Senegal's main opposition figure, Ousmane Sonko, used Mali to attack President Macky Sall and France on Thursday when he announced his candidacy for the 2024 presidential election. He also expressed strong support for the head of the Malian junta, Colonel Assimi Goïta.

"We saw that Macky Sall repatriated the few Senegalese elements who were there because they were not there as Senegalese, they were there because France had asked him to bring troops," Sonko said.

If he is elected, "we will send troops to support our Malian brothers and put an end to this gangrene," Sonko added, referring to the jihadist spread that has plagued Mali since 2012, which has spread to its neighbours in Burkina Faso and Niger and is worrying the entire sub-region.

Senegal has in fact proceeded, like others, to a "periodic rotation", wrote the staff in a statement issued on Thursday night to Friday.

"Contrary to some information given in the press, Senegal has not disengaged from Mali," it said. This week's rotation is "a normal operation to replace, the number for number, the troops engaged" by Senegal "from the first hours of the crisis," he said.

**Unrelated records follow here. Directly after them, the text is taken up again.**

lemma ohat_eq_sum_Zop:
  assumes fin: "finite G" and cl: "\<forall>g\<in>G. clifford n g" and pn: "\<forall>g\<in>G. p g \<ge> 0"
    and S: "bij_betw (Sop n G p) (mats (2 ^ n)) (mats (2 ^ n))"
    and clg: "clifford n g" and x: "x < 2 ^ n"
  shows "ohat n G p Obs g x = (\<Sum>z\<in>zidx n. Zop n z x x * ohat_coeff n G p Obs g z)"
  unfolding ohat_def Sinv_omega_adj_Ex[OF fin cl pn S clg x] hs_lin_comb ohat_coeff_def
  by (simp add: field_simps)

definition shadow_coeff ::
    "nat \<Rightarrow> cmat set \<Rightarrow> (cmat \<Rightarrow> real) \<Rightarrow> cmat \<Rightarrow> (bool \<times> bool) list \<Rightarrow> complex" where
  "shadow_coeff n G p Obs a = hs (2 ^ n) Obs (pauli n a) / (2 ^ n * complex_of_real (s1 n G p a))"

definition pauli_pair_tr ::
    "nat \<Rightarrow> (bool \<times> bool) list \<Rightarrow> (bool \<times> bool) list \<Rightarrow> cmat \<Rightarrow> complex" where
  "pauli_pair_tr n a a' X = tr (2 ^ n) (mmul (2 ^ n) (mmul (2 ^ n) (pauli n a) (pauli n a')) X)"

text \<open>The unknown signs in g^dagger Z_z g = +-sigma_a enter both the coefficients and the
  trace, so they cancel.\<close>

lemma ohat_coeff_pair:
  assumes clg: "clifford n g" and z: "z \<in> zidx n" and z': "z' \<in> zidx n"
  shows "ohat_coeff n G p Obs g z * ohat_coeff n G p Obs g z' *
           tr (2 ^ n) (mmul (2 ^ n) (mmul (2 ^ n) (omega_adj (2 ^ n) g (Zop n z)) (omega_adj (2 ^ n) g (Zop n z'))) X)
       = shadow_coeff n G p Obs (Xi n z g) * shadow_coeff n G p Obs (Xi n z' g) *
           pauli_pair_tr n (Xi n z g) (Xi n z' g) X"
proof -
  obtain e where e: "e \<in> {1, -1}" "omega_adj (2 ^ n) g (Zop n z) = smul e (pauli n (Xi n z g))"
    using Xi_pauli[OF clg z] by blast
  obtain e' where e': "e' \<in> {1, -1}" "omega_adj (2 ^ n) g (Zop n z') = smul e' (pauli n (Xi n z' g))"
    using Xi_pauli[OF clg z'] by blast
  have "e * e = 1" "e' * e' = 1" using e(1) e'(1) by auto
  then show ?thesis
    unfolding ohat_coeff_def shadow_coeff_def pauli_pair_tr_def e(2) e'(2) hs_smul
      mmul_smul_left mmul_smul_right smul_smul tr_smul
    by (simp add: algebra_simps)
qed

lemma sum_ohat_sq:
  assumes fin: "finite G" and cl: "\<forall>g\<in>G. clifford n g" and pn: "\<forall>g\<in>G. p g \<ge> 0"
    and S: "bij_betw (Sop n G p) (mats (2 ^ n)) (mats (2 ^ n))" and clg: "clifford n g"
  shows "(\<Sum>x<2 ^ n. omega (2 ^ n) g X x x * (ohat n G p Obs g x)\<^sup>2) =
    (\<Sum>z\<in>zidx n. \<Sum>z'\<in>zidx n. shadow_coeff n G p Obs (Xi n z g) * shadow_coeff n G p Obs (Xi n z' g) *
        pauli_pair_tr n (Xi n z g) (Xi n z' g) X)"
proof -
  let ?K = "ohat_coeff n G p Obs g" and ?D = "(2::nat) ^ n"
  let ?Y = "\<lambda>z. omega_adj ?D g (Zop n z)"
  have "(\<Sum>x<?D. omega ?D g X x x * (ohat n G p Obs g x)\<^sup>2) =
      (\<Sum>x<?D. \<Sum>z\<in>zidx n. \<Sum>z'\<in>zidx n. ?K z * ?K z' * (Zop n z x x * Zop n z' x x * omega ?D g X x x))"
    by (intro sum.cong refl)
      (simp add: ohat_eq_sum_Zop[OF fin cl pn S clg] power2_eq_square sum_product sum_distrib_left mult_ac)
  also have "\<dots> = (\<Sum>z\<in>zidx n. \<Sum>z'\<in>zidx n. ?K z * ?K z' *
                      (\<Sum>x<?D. Zop n z x x * Zop n z' x x * omega ?D g X x x))"
    by (subst sum.swap, intro sum.cong refl, subst sum.swap) (simp add: sum_distrib_left)
  also have "\<dots> = (\<Sum>z\<in>zidx n. \<Sum>z'\<in>zidx n. ?K z * ?K z' * tr ?D (mmul ?D (mmul ?D (?Y z) (?Y z')) X))"
  proof (intro sum.cong refl)
    fix z z' assume "z \<in> zidx n" "z' \<in> zidx n"
    then have "(\<Sum>x<?D. Zop n z x x * Zop n z' x x * omega ?D g X x x) =
               tr ?D (mmul ?D (mmul ?D (Zop n z) (Zop n z')) (omega ?D g X))"
      by (simp add: tr_mmul_diag diag_Zop zidx_def)
    also have "\<dots> = tr ?D (mmul ?D (mmul ?D (?Y z) (?Y z')) X)"
      by (simp add: omega_adj_mmul[OF clifford_unitary[OF clg]] tr_omega_adj)
    finally show "?K z * ?K z' * (\<Sum>x<?D. Zop n z x x * Zop n z' x x * omega ?D g X x x) =
                  ?K z * ?K z' * tr ?D (mmul ?D (mmul ?D (?Y z) (?Y z')) X)" by simp
  qed
  finally show ?thesis by (simp add: ohat_coeff_pair[OF clg])
qed

lemma second_moment_eq:
  assumes fin: "finite G" and cl: "\<forall>g\<in>G. clifford n g" and pn: "\<forall>g\<in>G. p g \<ge> 0"
    and S: "bij_betw (Sop n G p) (mats (2 ^ n)) (mats (2 ^ n))"
  shows "second_moment n G p \<Lambda> Obs \<rho> = (\<Sum>g\<in>G. complex_of_real (p g) *
      (\<Sum>z\<in>zidx n. \<Sum>z'\<in>zidx n. shadow_coeff n G p Obs (Xi n z g) * shadow_coeff n G p Obs (Xi n z' g) *
         pauli_pair_tr n (Xi n z g) (Xi n z' g) (\<Lambda> g \<rho>)))"
  unfolding second_moment_def using cl by (intro sum.cong refl) (simp add: sum_ohat_sq[OF fin cl pn S])

section \<open>Vector and operator norms\<close>

lemma vnorm_eq_L2_set: "vnorm D v = L2_set (\<lambda>i. cmod (v i)) {..<D}"
  by (simp add: vnorm_def L2_set_def)

lemma vnorm_nonneg: "vnorm D v \<ge> 0"
  by (simp add: vnorm_eq_L2_set)

lemma vnorm_sq: "(vnorm D v)\<^sup>2 = (\<Sum>i<D. (cmod (v i))\<^sup>2)"
  unfolding vnorm_def by (simp add: sum_nonneg)

lemma cmod_le_vnorm: "i < D \<Longrightarrow> cmod (v i) \<le> vnorm D v"
  unfolding vnorm_eq_L2_set by (rule member_le_L2_set) auto

lemma vnorm_le_sum: "vnorm D v \<le> (\<Sum>i<D. cmod (v i))"
  unfolding vnorm_eq_L2_set by (rule L2_set_le_sum) simp

lemma sum_cmod_mult_le_vnorm: "(\<Sum>i<D. cmod (u i) * cmod (w i)) \<le> vnorm D u * vnorm D w"
  using L2_set_mult_ineq[of "\<lambda>i. cmod (u i)" "\<lambda>i. cmod (w i)" "{..<D}"] by (simp add: vnorm_eq_L2_set)

lemma vnorm_eq_0_iff: "vnorm D v = 0 \<longleftrightarrow> (\<forall>i<D. v i = 0)"
  by (auto simp: vnorm_eq_L2_set L2_set_eq_0_iff)

lemma vnorm_cong: "(\<And>i. i < D \<Longrightarrow> u i = v i) \<Longrightarrow> vnorm D u = vnorm D v"
  unfolding vnorm_def by (rule arg_cong[where f=sqrt], rule sum.cong) auto

lemma vnorm_scale: "vnorm D (\<lambda>i. c * v i) = cmod c * vnorm D v"
  by (simp add: vnorm_eq_L2_set norm_mult L2_set_right_distrib)

lemma vnorm_mono: "d \<le> D \<Longrightarrow> vnorm d v \<le> vnorm D v"
  unfolding vnorm_def by (intro real_sqrt_le_mono sum_mono2) auto

lemma vnorm_restrict: "(\<And>i. d \<le> i \<Longrightarrow> v i = 0) \<Longrightarrow> d \<le> D \<Longrightarrow> vnorm D v = vnorm d v"
  unfolding vnorm_def by (intro arg_cong[where f=sqrt] sum.mono_neutral_right) auto

definition vinner :: "nat \<Rightarrow> (nat \<Rightarrow> complex) \<Rightarrow> (nat \<Rightarrow> complex) \<Rightarrow> complex" where
  "vinner D u w = (\<Sum>i<D. cnj (u i) * w i)"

Senegal has 1,300 soldiers, gendarmes and police officers in the Minusma, he said. The Minusma has about 17,500 men and women, including more than 13,000 soldiers and police.

Ousmane Sonko also said he "encouraged President Assimi Goïta because he has not lost face".

Colonel Goïta took and strengthened his power through two coups in 2020 and 2021, with the declared project of turning the country around and restoring security. Under his leadership, Mali has turned away from France and its former allies, and toward Russia.